The order in which the combined result set documents are output is unspecified.

The $unionWith stage has the following syntax:

{ $unionWith: { coll: "<collection>", pipeline: [ <stage1>, ... ] } }

To include all documents from the specified collection without any processing, you can use the simplified form:

{ $unionWith: "<collection>" } // Include all documents from the specified collection

The $unionWith stage takes a document with the following fields:

Field
Description

The collection or view whose pipeline results you wish to include in the result set.

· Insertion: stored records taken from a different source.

lemma C1_at_transform_open:
  assumes "C1_at (A \<inter> Q) G x" "open Q" "x \<in> Q" "\<forall>y\<in>A \<inter> Q. G y = F y"
  shows "C1_at A F x"
proof -
  obtain U g where U: "open U" "x \<in> U" "C1_on g U" "\<forall>y\<in>(A \<inter> Q) \<inter> U. g y = G y"
    using assms(1) unfolding C1_at_def by blast
  have "C1_on g (U \<inter> Q)" using U(3) by (rule C1_on_subset) blast
  moreover have "\<forall>y\<in>A \<inter> (U \<inter> Q). g y = F y" using U(4) assms(4) by auto
  ultimately show ?thesis unfolding C1_at_def using U(1,2) assms(2,3)
    by (intro exI[of _ "U \<inter> Q"] exI[of _ g]) auto
qed

lemma C1_at_imp_continuous_within:
  assumes "C1_at A F x" "x \<in> A" shows "continuous (at x within A) F"
proof -
  obtain U g where U: "open U" "x \<in> U" "C1_on g U" "\<forall>y\<in>A \<inter> U. g y = F y"
    using assms(1) unfolding C1_at_def by blast
  have "isCont g x"
    using C1_on_imp_continuous_on[OF U(3)] U(1,2) by (simp add: continuous_on_eq_continuous_at)
  then have "continuous (at x within A) g" by (rule continuous_at_imp_continuous_within)
  moreover have "openin (top_of_set A) (A \<inter> U)" using U(1) by (simp add: openin_open_Int)
  ultimately show ?thesis
    by (rule continuous_transform_within_openin) (use U(2,4) assms(2) in auto)
qed

lemma C1_map_imp_continuous_on: "C1_map A B F \<Longrightarrow> continuous_on A F"
  unfolding C1_map_iff continuous_on_eq_continuous_within
  by (auto intro: C1_at_imp_continuous_within)

lemma C1_map_cong:
  assumes "\<And>x. x \<in> A \<Longrightarrow> f x = g x" shows "C1_map A B f \<longleftrightarrow> C1_map A B g"
proof -
  have "f ` A = g ` A" by (rule image_cong[OF refl assms])
  moreover have "\<And>U h. (\<forall>y\<in>A \<inter> U. h y = f y) \<longleftrightarrow> (\<forall>y\<in>A \<inter> U. h y = g y)"
    using assms by auto
  ultimately show ?thesis by (simp only: C1_map_def)
qed

section \<open>Words and word length\<close>

lemma permutes_eqI: "p permutes S \<Longrightarrow> q permutes S \<Longrightarrow> (\<And>x. x \<in> S \<Longrightarrow> p x = q x) \<Longrightarrow> p = q"
  by (metis permutes_not_in ext)

lemma Diff_permutes: "g \<in> Diff S \<Longrightarrow> g permutes S"
  unfolding Diff_def by (auto intro: bij_imp_permutes)

lemma permutes_inv_into_eq_inv:
  assumes "g permutes S" "x \<in> S" shows "inv_into S g x = inv g x"
proof -
  have "g (inv_into S g x) = x" using permutes_image[OF assms(1)] assms(2) by (simp add: f_inv_into_f)
  then show ?thesis using permutes_inv_eq[OF assms(1)] by metis
qed

lemma dinv_eq_inv:
  assumes "g permutes S" shows "dinv S g = inv g"
proof
  fix x show "dinv S g x = inv g x"
    using permutes_inv_into_eq_inv[OF assms] permutes_inv_eq[OF assms, of x x]
      permutes_not_in[OF assms, of x]
    unfolding dinv_def by metis
qed

lemma Diff_imp_continuous_on: "g \<in> Diff S \<Longrightarrow> continuous_on S g"
  unfolding Diff_def using C1_map_imp_continuous_on by blast

lemma Diff_imp_continuous_on_inv:
  assumes "g \<in> Diff S" shows "continuous_on S (inv g)"
proof -
  have "continuous_on S (inv_into S g)"
    using assms unfolding Diff_def using C1_map_imp_continuous_on by blast
  then show ?thesis
    using dinv_eq_inv[OF Diff_permutes[OF assms]] by (metis (no_types, lifting) continuous_on_cong dinv_def)
qed

lemma word_eval_Nil [simp]: "word_eval S [] = id"
  by (simp add: word_eval_def)

definition letter_eval :: "pt set \<Rightarrow> bool \<Rightarrow> (pt \<Rightarrow> pt) \<Rightarrow> (pt \<Rightarrow> pt)" where
  "letter_eval S b g = (if b then g else dinv S g)"

lemma word_eval_Cons [simp]: "word_eval S ((b, g) # w) = letter_eval S b g \<circ> word_eval S w"
  by (simp add: word_eval_def letter_eval_def)

lemma letter_eval_permutes: "g permutes S \<Longrightarrow> letter_eval S b g permutes S"
  by (simp add: letter_eval_def dinv_eq_inv permutes_inv)

lemma letter_eval_negate: "g permutes S \<Longrightarrow> letter_eval S (\<not> b) g = inv (letter_eval S b g)"
  by (simp add: letter_eval_def dinv_eq_inv permutes_inv_inv)

lemma word_eval_append: "word_eval S (v @ w) = word_eval S v \<circ> word_eval S w"
  by (induction v) (auto simp: word_eval_def)

definition word_inv :: "(bool \<times> 'a) list \<Rightarrow> (bool \<times> 'a) list" where
  "word_inv w = rev (map (\<lambda>(b, g). (\<not> b, g)) w)"

lemma word_inv_Cons: "word_inv ((b, g) # w) = word_inv w @ [(\<not> b, g)]"
  by (simp add: word_inv_def)

lemma letters_word_inv [simp]: "set (map snd (word_inv w)) = set (map snd w)"
  by (force simp: word_inv_def)

lemma word_eval_permutes:
  assumes "set (map snd w) \<subseteq> A" "\<forall>g\<in>A. g permutes S"
  shows "word_eval S w permutes S"
  using assms(1)
proof (induction w)
  case (Cons a w)
  obtain b g where "a = (b, g)" by fastforce
  then have "word_eval S w permutes S" "letter_eval S b g permutes S"
    using Cons assms(2) by (auto intro: letter_eval_permutes)
  then show ?case unfolding \<open>a = (b, g)\<close> word_eval_Cons by (rule permutes_compose)
qed simp

lemma word_eval_word_inv:
  assumes "set (map snd w) \<subseteq> A" "\<forall>g\<in>A. g permutes S"
  shows "word_eval S (word_inv w) = inv (word_eval S w)"
  using assms(1)
proof (induction w)
  case Nil
  show ?case by (simp add: word_inv_def)
next
  case (Cons a w)
  obtain b g where a: "a = (b, g)" by fastforce
  have g: "g permutes S" and w: "set (map snd w) \<subseteq> A" using Cons.prems a assms(2) by auto
  have "bij (word_eval S w)" "bij (letter_eval S b g)"
    using word_eval_permutes[OF w assms(2)] letter_eval_permutes[OF g] by (auto intro: permutes_bij)
  have "word_eval S (word_inv (a # w)) = word_eval S (word_inv w) \<circ> letter_eval S (\<not> b) g"
    by (simp add: a word_inv_Cons word_eval_append)
  also have "\<dots> = inv (word_eval S w) \<circ> inv (letter_eval S b g)"
    using Cons.IH[OF w] letter_eval_negate[OF g] by simp
  also have "\<dots> = inv (word_eval S (a # w))"
    using o_inv_distrib[OF \<open>bij (letter_eval S b g)\<close> \<open>bij (word_eval S w)\<close>] by (simp add: a)
  finally show ?case .
qed

lemma word_eval_replicate: "word_eval S (concat (replicate n w)) = word_eval S w ^^ n"
  by (induction n) (auto simp: word_eval_append)

lemma word_eval_continuous_on:
  assumes "set (map snd w) \<subseteq> A" "A \<subseteq> Diff S"
  shows "continuous_on S (word_eval S w)"
  using assms(1)
proof (induction w)
  case Nil
  show ?case by (simp add: continuous_on_id)
next
  case (Cons a w)
  obtain b g where a: "a = (b, g)" by fastforce
  have g: "g \<in> Diff S" and w: "set (map snd w) \<subseteq> A" using Cons.prems a assms(2) by auto
  have "continuous_on S (letter_eval S b g)"
    using Diff_imp_continuous_on[OF g] Diff_imp_continuous_on_inv[OF g]
    by (simp add: letter_eval_def dinv_eq_inv[OF Diff_permutes[OF g]])
  moreover have "word_eval S w ` S \<subseteq> S"
    using word_eval_permutes[OF w] assms(2) Diff_permutes permutes_image by blast
  ultimately have "continuous_on S (letter_eval S b g \<circ> word_eval S w)"
    using Cons.IH[OF w] by (intro continuous_on_compose) (auto intro: continuous_on_subset)
  then show ?case by (simp add: a)
qed

lemma gen_groupI: "set (map snd w) \<subseteq> A \<Longrightarrow> word_eval S w \<in> gen_group S A"
  unfolding gen_group_def by blast

lemma gen_groupE:
  assumes "F \<in> gen_group S A"
  obtains w where "set (map snd w) \<subseteq> A" "F = word_eval S w"
  using assms unfolding gen_group_def by blast

lemma gen_group_generator: "g \<in> A \<Longrightarrow> g \<in> gen_group S A"
  using gen_groupI[of "[(True, g)]" A S] by (simp add: letter_eval_def)

lemma gen_group_comp:
  assumes "F \<in> gen_group S A" "G \<in> gen_group S A" shows "F \<circ> G \<in> gen_group S A"
proof -
  obtain v w where "set (map snd v) \<subseteq> A" "F = word_eval S v"
    and "set (map snd w) \<subseteq> A" "G = word_eval S w"
    using assms by (elim gen_groupE)
  then show ?thesis using gen_groupI[of "v @ w" A S] by (simp add: word_eval_append)
qed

Optional. An aggregation pipeline to apply to the specified coll.

[ <stage1>, <stage2>, ...]

The pipeline cannot include the $out and $merge stages. Starting in v6.0, the pipeline can contain the Atlas Search $search stage as the first stage inside the pipeline. To learn more, see Atlas Search Support.

The $unionWith operation would correspond to the following SQL statement:

SELECT *
FROM Collection1
WHERE ...
UNION ALL
SELECT *
FROM Collection2
WHERE ...

The combined results from the previous stage and the $unionWith stage can include duplicates.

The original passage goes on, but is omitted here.